▶ Data for processing:

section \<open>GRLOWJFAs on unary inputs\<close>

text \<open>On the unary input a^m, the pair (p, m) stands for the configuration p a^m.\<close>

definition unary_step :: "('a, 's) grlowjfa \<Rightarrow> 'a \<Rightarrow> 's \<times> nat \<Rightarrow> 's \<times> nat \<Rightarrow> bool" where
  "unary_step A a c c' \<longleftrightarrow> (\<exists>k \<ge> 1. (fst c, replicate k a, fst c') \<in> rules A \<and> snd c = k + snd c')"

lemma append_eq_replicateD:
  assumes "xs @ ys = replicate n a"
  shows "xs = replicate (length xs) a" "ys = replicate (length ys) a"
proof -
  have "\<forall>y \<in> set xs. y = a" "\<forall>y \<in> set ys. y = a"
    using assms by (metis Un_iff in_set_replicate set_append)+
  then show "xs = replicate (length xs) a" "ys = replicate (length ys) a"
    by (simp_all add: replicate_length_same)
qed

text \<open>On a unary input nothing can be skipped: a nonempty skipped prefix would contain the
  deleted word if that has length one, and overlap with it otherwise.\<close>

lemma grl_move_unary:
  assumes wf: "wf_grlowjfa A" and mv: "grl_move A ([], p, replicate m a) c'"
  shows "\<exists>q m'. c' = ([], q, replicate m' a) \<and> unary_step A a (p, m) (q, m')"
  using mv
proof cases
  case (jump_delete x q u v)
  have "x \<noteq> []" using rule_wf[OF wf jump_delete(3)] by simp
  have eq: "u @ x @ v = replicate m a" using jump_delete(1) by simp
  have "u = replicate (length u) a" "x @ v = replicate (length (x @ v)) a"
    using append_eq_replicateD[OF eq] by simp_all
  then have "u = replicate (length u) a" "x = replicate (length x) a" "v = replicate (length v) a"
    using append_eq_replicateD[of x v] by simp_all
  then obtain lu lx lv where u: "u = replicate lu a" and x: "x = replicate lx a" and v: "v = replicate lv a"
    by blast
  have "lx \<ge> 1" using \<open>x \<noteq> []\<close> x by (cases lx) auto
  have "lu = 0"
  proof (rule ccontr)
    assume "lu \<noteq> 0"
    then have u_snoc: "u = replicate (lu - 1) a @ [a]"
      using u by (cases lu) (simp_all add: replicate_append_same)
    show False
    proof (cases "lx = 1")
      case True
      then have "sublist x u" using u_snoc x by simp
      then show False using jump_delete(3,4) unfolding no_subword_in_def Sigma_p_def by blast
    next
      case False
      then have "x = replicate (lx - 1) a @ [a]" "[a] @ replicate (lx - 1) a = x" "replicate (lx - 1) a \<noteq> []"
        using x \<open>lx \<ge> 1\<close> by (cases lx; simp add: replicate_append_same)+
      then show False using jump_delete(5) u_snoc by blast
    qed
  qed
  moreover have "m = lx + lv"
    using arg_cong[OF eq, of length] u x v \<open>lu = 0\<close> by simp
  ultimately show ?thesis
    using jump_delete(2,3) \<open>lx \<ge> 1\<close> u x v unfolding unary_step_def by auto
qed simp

▶ About this exercise: Write out every line of the material exactly as it appears.

▶ Exercise response:
section \<open>GRLOWJFAs on unary inputs\<close>

text \<open>On the unary input a^m, the pair (p, m) stands for the configuration p a^m.\<close>

definition unary_step :: "('a, 's) grlowjfa \<Rightarrow> 'a \<Rightarrow> 's \<times> nat \<Rightarrow> 's \<times> nat \<Rightarrow> bool" where
  "unary_step A a c c' \<longleftrightarrow> (\<exists>k \<ge> 1. (fst c, replicate k a, fst c') \<in> rules A \<and> snd c = k + snd c')"

lemma append_eq_replicateD:
  assumes "xs @ ys = replicate n a"
  shows "xs = replicate (length xs) a" "ys = replicate (length ys) a"
proof -
  have "\<forall>y \<in> set xs. y = a" "\<forall>y \<in> set ys. y = a"
    using assms by (metis Un_iff in_set_replicate set_append)+
  then show "xs = replicate (length xs) a" "ys = replicate (length ys) a"
    by (simp_all add: replicate_length_same)
qed

text \<open>On a unary input nothing can be skipped: a nonempty skipped prefix would contain the
  deleted word if that has length one, and overlap with it otherwise.\<close>

lemma grl_move_unary:
  assumes wf: "wf_grlowjfa A" and mv: "grl_move A ([], p, replicate m a) c'"
  shows "\<exists>q m'. c' = ([], q, replicate m' a) \<and> unary_step A a (p, m) (q, m')"
  using mv
proof cases
  case (jump_delete x q u v)
  have "x \<noteq> []" using rule_wf[OF wf jump_delete(3)] by simp
  have eq: "u @ x @ v = replicate m a" using jump_delete(1) by simp
  have "u = replicate (length u) a" "x @ v = replicate (length (x @ v)) a"
    using append_eq_replicateD[OF eq] by simp_all
  then have "u = replicate (length u) a" "x = replicate (length x) a" "v = replicate (length v) a"
    using append_eq_replicateD[of x v] by simp_all
  then obtain lu lx lv where u: "u = replicate lu a" and x: "x = replicate lx a" and v: "v = replicate lv a"
    by blast
  have "lx \<ge> 1" using \<open>x \<noteq> []\<close> x by (cases lx) auto
  have "lu = 0"
  proof (rule ccontr)
    assume "lu \<noteq> 0"
    then have u_snoc: "u = replicate (lu - 1) a @ [a]"
      using u by (cases lu) (simp_all add: replicate_append_same)
    show False
    proof (cases "lx = 1")
      case True
      then have "sublist x u" using u_snoc x by simp
      then show False using jump_delete(3,4) unfolding no_subword_in_def Sigma_p_def by blast
    next
      case False
      then have "x = replicate (lx - 1) a @ [a]" "[a] @ replicate (lx - 1) a = x" "replicate (lx - 1) a \<noteq> []"
        using x \<open>lx \<ge> 1\<close> by (cases lx; simp add: replicate_append_same)+
      then show False using jump_delete(5) u_snoc by blast
    qed
  qed
  moreover have "m = lx + lv"
    using arg_cong[OF eq, of length] u x v \<open>lu = 0\<close> by simp
  ultimately show ?thesis
    using jump_delete(2,3) \<open>lx \<ge> 1\<close> u x v unfolding unary_step_def by auto
qed simp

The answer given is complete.